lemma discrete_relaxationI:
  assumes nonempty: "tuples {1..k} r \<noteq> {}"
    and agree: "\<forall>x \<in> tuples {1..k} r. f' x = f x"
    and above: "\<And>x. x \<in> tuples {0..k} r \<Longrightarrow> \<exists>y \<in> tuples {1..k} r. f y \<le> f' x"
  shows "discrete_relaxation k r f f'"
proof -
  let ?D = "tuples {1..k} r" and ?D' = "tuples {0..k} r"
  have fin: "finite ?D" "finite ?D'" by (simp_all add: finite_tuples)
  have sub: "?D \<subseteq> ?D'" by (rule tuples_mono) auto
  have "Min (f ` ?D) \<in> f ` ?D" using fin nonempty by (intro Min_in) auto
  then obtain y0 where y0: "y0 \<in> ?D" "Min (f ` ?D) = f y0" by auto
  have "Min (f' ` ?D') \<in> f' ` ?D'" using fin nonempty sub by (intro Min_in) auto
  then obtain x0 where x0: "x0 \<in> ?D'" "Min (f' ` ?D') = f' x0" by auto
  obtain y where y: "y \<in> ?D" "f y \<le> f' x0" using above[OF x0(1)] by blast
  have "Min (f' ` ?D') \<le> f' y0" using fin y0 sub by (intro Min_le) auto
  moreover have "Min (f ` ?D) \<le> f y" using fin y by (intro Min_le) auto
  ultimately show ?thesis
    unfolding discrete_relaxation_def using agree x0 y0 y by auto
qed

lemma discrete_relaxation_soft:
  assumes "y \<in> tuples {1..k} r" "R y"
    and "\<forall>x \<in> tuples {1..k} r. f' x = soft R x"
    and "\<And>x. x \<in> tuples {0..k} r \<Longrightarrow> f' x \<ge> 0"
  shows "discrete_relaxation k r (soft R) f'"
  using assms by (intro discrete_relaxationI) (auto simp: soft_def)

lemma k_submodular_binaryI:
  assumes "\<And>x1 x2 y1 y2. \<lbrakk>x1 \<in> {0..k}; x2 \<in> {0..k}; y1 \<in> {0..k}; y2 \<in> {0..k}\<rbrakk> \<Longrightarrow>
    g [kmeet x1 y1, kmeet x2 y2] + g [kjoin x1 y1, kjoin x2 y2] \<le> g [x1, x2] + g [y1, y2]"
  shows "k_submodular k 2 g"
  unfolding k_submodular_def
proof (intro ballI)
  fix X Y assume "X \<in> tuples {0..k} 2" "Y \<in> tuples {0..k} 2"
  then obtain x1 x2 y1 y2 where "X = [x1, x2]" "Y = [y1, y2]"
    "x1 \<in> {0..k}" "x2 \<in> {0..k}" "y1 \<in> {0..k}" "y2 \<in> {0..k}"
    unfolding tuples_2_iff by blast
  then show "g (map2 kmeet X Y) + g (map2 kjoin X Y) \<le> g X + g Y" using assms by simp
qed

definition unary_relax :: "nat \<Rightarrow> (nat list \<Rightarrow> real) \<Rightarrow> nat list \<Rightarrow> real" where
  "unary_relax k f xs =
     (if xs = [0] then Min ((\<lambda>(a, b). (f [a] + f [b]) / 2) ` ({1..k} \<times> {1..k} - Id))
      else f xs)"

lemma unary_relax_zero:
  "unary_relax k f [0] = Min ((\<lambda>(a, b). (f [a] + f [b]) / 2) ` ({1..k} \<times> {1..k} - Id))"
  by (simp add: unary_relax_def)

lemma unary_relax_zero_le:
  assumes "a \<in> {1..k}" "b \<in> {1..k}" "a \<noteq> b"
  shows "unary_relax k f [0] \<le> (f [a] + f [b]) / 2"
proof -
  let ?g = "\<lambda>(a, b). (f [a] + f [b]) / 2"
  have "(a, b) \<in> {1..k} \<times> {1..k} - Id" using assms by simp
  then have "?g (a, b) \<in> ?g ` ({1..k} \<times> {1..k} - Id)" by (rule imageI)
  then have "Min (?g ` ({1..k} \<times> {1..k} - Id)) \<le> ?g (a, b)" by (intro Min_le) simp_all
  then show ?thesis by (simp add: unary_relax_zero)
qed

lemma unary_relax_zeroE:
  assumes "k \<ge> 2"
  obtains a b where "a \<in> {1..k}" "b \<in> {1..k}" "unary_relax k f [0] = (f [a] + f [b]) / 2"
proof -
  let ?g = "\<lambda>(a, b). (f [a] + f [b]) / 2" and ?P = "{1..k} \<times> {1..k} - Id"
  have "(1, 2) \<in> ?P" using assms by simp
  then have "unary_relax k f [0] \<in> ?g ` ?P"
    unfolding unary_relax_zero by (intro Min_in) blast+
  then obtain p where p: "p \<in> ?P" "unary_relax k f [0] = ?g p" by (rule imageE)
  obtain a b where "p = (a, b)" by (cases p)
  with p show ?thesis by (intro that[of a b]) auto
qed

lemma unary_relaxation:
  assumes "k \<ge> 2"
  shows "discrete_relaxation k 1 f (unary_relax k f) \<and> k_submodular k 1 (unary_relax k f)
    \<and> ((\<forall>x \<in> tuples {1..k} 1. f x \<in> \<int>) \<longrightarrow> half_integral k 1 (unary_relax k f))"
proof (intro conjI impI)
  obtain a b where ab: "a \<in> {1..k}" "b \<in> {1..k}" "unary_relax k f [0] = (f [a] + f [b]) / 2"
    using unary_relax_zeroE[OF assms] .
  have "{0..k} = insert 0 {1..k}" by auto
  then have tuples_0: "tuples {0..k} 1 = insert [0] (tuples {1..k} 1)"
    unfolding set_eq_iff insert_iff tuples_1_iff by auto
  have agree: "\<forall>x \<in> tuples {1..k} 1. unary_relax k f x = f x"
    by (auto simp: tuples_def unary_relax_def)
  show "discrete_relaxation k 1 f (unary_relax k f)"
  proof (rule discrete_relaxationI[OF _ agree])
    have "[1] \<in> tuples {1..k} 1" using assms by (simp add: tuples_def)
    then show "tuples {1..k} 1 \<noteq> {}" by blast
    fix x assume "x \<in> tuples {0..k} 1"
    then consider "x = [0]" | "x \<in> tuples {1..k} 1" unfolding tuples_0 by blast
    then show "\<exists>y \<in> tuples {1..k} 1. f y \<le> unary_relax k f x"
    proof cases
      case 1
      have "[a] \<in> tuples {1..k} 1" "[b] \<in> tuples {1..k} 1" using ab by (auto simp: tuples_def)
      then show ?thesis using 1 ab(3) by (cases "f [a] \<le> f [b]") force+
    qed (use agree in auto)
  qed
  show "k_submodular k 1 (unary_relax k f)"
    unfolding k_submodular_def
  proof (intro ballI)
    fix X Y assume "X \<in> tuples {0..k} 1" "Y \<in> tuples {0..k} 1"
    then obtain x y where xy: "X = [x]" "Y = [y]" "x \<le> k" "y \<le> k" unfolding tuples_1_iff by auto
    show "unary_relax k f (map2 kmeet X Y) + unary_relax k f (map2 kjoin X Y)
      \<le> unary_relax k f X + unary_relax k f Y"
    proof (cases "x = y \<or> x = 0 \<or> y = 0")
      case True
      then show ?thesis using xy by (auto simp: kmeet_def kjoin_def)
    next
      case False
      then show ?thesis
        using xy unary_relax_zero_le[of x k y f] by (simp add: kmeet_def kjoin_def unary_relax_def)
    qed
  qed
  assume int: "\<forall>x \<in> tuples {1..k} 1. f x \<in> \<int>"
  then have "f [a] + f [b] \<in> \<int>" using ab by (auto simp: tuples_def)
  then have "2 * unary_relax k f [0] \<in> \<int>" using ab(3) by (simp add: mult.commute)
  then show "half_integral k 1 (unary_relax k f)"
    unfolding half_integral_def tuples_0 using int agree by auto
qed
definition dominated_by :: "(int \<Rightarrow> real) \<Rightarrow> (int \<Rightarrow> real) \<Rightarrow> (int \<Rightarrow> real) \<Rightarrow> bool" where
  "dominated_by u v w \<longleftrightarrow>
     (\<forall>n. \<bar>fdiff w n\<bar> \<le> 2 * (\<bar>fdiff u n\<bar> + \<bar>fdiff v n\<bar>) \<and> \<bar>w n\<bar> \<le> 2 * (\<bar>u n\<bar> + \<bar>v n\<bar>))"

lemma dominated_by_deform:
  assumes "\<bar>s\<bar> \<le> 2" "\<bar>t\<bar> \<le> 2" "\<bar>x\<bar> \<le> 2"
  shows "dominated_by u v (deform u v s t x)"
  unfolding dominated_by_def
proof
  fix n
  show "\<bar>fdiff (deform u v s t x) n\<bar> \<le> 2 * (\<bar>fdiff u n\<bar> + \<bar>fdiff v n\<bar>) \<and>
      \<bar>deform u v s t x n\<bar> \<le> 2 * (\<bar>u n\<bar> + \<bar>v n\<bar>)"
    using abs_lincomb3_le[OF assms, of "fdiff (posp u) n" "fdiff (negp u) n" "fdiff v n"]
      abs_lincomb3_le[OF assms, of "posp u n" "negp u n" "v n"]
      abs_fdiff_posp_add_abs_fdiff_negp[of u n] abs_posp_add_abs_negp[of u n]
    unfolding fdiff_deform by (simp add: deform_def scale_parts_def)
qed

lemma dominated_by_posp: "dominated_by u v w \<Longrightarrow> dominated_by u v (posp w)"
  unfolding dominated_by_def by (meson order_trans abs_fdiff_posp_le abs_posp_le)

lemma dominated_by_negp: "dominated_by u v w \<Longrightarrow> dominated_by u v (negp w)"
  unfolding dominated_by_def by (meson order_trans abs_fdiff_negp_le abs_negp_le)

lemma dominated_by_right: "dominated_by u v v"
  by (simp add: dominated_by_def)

──────

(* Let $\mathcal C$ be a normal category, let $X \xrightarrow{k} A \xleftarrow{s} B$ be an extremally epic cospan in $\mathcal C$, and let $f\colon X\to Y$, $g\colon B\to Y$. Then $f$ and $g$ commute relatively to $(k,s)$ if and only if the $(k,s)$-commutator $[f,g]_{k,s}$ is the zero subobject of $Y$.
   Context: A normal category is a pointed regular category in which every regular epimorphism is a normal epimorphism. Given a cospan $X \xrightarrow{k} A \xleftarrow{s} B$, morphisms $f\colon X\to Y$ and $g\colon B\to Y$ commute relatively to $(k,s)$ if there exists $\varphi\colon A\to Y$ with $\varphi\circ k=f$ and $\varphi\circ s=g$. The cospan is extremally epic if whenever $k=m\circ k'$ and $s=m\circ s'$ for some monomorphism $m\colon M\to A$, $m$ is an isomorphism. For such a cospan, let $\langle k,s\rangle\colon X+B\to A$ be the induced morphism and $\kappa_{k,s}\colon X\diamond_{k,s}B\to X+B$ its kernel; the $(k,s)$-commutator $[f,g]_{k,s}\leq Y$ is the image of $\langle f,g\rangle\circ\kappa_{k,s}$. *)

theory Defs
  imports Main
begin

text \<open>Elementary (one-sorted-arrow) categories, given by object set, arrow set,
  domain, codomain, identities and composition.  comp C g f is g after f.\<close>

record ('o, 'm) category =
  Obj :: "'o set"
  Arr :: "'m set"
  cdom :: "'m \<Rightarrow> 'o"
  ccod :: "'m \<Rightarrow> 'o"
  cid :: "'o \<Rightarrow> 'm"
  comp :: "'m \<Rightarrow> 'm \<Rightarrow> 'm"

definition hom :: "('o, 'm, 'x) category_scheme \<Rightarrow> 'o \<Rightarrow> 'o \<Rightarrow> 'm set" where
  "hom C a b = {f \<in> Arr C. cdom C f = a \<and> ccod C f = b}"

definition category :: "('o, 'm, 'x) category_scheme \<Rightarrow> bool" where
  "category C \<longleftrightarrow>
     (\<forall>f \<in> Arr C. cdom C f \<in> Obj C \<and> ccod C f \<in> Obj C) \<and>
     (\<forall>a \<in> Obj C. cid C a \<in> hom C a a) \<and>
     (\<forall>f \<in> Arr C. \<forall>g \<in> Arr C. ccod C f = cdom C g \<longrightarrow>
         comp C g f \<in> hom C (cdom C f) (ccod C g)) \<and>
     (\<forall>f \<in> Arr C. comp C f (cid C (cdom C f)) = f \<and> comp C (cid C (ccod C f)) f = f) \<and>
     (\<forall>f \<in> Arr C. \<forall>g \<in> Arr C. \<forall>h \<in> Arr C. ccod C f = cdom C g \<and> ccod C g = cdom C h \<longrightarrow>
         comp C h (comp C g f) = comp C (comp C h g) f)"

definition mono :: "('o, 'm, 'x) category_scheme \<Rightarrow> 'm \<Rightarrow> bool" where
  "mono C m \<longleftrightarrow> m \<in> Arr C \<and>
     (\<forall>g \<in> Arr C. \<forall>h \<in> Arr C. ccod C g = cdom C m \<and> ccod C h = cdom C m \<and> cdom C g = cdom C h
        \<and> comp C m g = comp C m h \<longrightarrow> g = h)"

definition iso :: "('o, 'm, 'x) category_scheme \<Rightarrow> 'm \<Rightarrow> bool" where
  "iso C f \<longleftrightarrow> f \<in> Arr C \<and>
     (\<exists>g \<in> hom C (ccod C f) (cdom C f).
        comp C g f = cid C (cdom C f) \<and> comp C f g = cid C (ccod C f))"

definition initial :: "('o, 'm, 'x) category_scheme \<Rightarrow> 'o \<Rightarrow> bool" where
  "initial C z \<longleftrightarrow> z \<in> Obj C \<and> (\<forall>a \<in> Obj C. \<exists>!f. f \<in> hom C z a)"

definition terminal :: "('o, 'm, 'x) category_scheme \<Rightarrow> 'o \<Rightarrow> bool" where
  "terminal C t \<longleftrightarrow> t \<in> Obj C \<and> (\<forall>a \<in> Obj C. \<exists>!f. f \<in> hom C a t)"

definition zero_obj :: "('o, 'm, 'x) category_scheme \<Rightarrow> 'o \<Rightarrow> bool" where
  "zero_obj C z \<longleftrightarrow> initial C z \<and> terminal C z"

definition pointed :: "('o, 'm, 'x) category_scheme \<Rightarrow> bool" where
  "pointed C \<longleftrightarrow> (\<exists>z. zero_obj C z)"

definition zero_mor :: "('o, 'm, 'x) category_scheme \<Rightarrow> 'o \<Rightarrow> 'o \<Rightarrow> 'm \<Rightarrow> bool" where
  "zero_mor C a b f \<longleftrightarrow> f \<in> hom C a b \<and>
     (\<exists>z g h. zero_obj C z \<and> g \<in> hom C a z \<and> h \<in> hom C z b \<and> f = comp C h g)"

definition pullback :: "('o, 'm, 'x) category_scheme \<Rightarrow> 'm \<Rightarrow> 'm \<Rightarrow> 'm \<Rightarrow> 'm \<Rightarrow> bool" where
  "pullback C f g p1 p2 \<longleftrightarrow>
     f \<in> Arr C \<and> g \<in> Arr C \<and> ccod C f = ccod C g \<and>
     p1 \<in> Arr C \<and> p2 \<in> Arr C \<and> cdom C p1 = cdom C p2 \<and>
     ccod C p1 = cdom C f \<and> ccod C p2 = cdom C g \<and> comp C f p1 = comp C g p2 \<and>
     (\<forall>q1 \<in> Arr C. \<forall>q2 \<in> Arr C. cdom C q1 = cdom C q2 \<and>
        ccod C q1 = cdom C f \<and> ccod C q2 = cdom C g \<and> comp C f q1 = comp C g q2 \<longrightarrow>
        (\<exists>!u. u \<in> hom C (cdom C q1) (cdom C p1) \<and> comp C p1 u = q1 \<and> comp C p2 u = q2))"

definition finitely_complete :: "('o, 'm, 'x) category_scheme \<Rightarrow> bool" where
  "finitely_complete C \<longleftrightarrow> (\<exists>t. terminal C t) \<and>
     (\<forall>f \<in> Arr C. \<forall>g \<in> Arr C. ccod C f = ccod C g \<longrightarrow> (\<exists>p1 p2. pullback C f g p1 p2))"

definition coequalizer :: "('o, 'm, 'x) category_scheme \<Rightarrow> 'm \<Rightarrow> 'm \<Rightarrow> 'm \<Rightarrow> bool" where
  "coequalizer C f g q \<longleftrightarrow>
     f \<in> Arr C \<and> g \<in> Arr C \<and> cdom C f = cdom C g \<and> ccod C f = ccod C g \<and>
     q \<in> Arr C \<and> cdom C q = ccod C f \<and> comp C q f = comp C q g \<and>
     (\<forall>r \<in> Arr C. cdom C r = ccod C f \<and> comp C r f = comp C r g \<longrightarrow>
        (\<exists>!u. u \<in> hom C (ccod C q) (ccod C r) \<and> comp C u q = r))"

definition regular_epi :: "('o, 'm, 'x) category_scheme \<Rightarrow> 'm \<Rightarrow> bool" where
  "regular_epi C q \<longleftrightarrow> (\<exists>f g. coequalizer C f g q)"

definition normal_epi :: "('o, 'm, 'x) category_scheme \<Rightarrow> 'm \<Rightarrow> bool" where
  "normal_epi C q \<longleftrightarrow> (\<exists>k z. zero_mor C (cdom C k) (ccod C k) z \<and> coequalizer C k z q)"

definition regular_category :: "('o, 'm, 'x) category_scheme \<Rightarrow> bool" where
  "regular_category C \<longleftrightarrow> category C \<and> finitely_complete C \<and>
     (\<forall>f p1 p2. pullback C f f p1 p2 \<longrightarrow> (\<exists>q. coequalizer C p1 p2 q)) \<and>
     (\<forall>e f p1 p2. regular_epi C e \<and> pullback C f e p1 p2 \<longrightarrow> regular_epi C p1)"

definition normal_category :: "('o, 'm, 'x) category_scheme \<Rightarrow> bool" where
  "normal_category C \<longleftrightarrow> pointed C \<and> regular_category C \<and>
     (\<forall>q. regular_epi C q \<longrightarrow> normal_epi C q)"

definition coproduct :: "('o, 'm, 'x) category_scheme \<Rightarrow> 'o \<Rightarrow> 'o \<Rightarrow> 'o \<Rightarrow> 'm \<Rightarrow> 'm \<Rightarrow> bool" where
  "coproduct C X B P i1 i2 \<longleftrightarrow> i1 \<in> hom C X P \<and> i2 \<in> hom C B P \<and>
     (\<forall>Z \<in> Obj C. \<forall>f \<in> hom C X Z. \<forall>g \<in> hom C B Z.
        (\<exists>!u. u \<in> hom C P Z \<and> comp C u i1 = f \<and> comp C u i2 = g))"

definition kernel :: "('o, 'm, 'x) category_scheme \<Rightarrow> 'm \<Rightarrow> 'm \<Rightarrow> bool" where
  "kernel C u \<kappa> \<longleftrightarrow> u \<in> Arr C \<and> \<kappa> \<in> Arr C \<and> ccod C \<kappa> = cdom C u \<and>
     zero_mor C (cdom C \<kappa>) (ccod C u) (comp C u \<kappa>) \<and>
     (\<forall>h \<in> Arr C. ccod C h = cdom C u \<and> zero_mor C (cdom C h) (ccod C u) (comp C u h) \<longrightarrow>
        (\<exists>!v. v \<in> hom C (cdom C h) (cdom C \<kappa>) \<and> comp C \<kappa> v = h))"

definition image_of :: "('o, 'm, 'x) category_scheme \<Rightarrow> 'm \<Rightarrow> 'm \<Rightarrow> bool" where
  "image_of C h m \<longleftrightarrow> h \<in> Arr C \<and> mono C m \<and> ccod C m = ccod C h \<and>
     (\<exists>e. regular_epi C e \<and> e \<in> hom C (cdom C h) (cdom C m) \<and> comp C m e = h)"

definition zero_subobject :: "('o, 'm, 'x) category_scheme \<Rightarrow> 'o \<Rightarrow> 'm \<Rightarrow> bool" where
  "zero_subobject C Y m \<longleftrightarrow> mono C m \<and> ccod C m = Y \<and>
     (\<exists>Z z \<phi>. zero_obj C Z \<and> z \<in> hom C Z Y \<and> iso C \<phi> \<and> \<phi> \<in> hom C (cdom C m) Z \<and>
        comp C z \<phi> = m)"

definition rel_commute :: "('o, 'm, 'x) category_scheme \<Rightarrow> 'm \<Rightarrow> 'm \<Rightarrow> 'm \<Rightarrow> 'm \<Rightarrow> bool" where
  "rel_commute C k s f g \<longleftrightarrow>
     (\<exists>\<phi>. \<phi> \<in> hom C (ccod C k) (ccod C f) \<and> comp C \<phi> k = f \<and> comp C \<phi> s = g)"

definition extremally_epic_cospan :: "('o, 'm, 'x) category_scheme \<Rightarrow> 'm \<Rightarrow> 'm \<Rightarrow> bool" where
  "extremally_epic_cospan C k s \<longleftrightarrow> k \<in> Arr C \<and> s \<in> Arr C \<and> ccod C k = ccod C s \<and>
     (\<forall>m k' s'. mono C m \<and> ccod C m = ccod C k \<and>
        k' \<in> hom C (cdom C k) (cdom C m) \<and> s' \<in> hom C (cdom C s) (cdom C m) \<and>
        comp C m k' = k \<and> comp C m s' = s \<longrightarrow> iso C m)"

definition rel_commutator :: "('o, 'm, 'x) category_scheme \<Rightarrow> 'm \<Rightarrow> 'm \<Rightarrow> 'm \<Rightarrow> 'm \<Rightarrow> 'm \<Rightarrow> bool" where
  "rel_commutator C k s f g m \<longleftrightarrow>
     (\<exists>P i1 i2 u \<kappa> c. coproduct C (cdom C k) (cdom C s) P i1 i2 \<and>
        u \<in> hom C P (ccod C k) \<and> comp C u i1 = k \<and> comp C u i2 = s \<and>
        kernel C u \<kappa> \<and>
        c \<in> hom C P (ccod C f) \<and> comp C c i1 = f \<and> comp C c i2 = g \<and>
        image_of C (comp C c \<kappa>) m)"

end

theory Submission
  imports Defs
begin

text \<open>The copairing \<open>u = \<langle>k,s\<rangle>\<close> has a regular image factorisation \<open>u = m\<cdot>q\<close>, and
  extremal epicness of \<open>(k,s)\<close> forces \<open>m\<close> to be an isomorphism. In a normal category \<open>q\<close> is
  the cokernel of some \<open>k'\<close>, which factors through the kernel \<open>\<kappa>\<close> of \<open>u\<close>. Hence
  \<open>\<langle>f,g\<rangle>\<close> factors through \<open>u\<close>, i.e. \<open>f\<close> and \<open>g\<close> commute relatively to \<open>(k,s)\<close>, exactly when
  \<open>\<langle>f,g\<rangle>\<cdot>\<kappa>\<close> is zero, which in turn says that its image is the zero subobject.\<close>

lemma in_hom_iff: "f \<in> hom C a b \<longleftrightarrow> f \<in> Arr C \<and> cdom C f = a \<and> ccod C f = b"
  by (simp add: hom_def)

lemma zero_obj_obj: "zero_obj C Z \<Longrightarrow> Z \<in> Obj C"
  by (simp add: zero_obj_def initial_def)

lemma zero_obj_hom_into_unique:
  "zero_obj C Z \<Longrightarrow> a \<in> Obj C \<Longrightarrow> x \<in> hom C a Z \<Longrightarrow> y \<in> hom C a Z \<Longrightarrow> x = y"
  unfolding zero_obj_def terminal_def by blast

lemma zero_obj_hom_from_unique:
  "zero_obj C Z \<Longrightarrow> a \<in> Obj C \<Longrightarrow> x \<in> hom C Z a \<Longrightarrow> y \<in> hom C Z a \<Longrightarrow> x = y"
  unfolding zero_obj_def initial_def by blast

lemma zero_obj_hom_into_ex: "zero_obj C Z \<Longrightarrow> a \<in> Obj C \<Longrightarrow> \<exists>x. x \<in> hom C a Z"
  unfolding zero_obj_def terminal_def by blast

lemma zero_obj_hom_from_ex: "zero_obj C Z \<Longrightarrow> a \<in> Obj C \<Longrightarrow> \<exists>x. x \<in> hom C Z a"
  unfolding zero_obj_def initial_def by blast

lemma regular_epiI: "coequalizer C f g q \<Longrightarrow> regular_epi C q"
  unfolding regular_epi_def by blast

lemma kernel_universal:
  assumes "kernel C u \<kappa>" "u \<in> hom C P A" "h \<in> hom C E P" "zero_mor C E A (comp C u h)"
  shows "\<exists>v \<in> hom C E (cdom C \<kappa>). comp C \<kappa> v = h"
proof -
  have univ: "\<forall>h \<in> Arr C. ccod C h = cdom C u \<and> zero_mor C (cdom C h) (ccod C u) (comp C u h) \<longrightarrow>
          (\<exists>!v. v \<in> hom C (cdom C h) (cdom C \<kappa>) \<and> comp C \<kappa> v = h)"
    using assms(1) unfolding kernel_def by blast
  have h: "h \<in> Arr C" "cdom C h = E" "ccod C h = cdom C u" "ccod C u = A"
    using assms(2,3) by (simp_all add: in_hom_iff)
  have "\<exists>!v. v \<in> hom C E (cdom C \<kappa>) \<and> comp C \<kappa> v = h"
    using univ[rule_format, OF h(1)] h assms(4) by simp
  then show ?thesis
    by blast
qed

──────

Exercise brief:
Retype only the lines above between the line with "(\<forall>a \<in> Obj C. cid" and the line with "(\<exists>g \<in> hom", counting those two lines as well, and keep every character as it is.

Task result:
     (\<forall>a \<in> Obj C. cid C a \<in> hom C a a) \<and>
     (\<forall>f \<in> Arr C. \<forall>g \<in> Arr C. ccod C f = cdom C g \<longrightarrow>
         comp C g f \<in> hom C (cdom C f) (ccod C g)) \<and>
     (\<forall>f \<in> Arr C. comp C f (cid C (cdom C f)) = f \<and> comp C (cid C (ccod C f)) f = f) \<and>
     (\<forall>f \<in> Arr C. \<forall>g \<in> Arr C. \<forall>h \<in> Arr C. ccod C f = cdom C g \<and> ccod C g = cdom C h \<longrightarrow>
         comp C h (comp C g f) = comp C (comp C h g) f)"

definition mono :: "('o, 'm, 'x) category_scheme \<Rightarrow> 'm \<Rightarrow> bool" where
  "mono C m \<longleftrightarrow> m \<in> Arr C \<and>
     (\<forall>g \<in> Arr C. \<forall>h \<in> Arr C. ccod C g = cdom C m \<and> ccod C h = cdom C m \<and> cdom C g = cdom C h
        \<and> comp C m g = comp C m h \<longrightarrow> g = h)"

definition iso :: "('o, 'm, 'x) category_scheme \<Rightarrow> 'm \<Rightarrow> bool" where
  "iso C f \<longleftrightarrow> f \<in> Arr C \<and>
     (\<exists>g \<in> hom C (ccod C f) (cdom C f).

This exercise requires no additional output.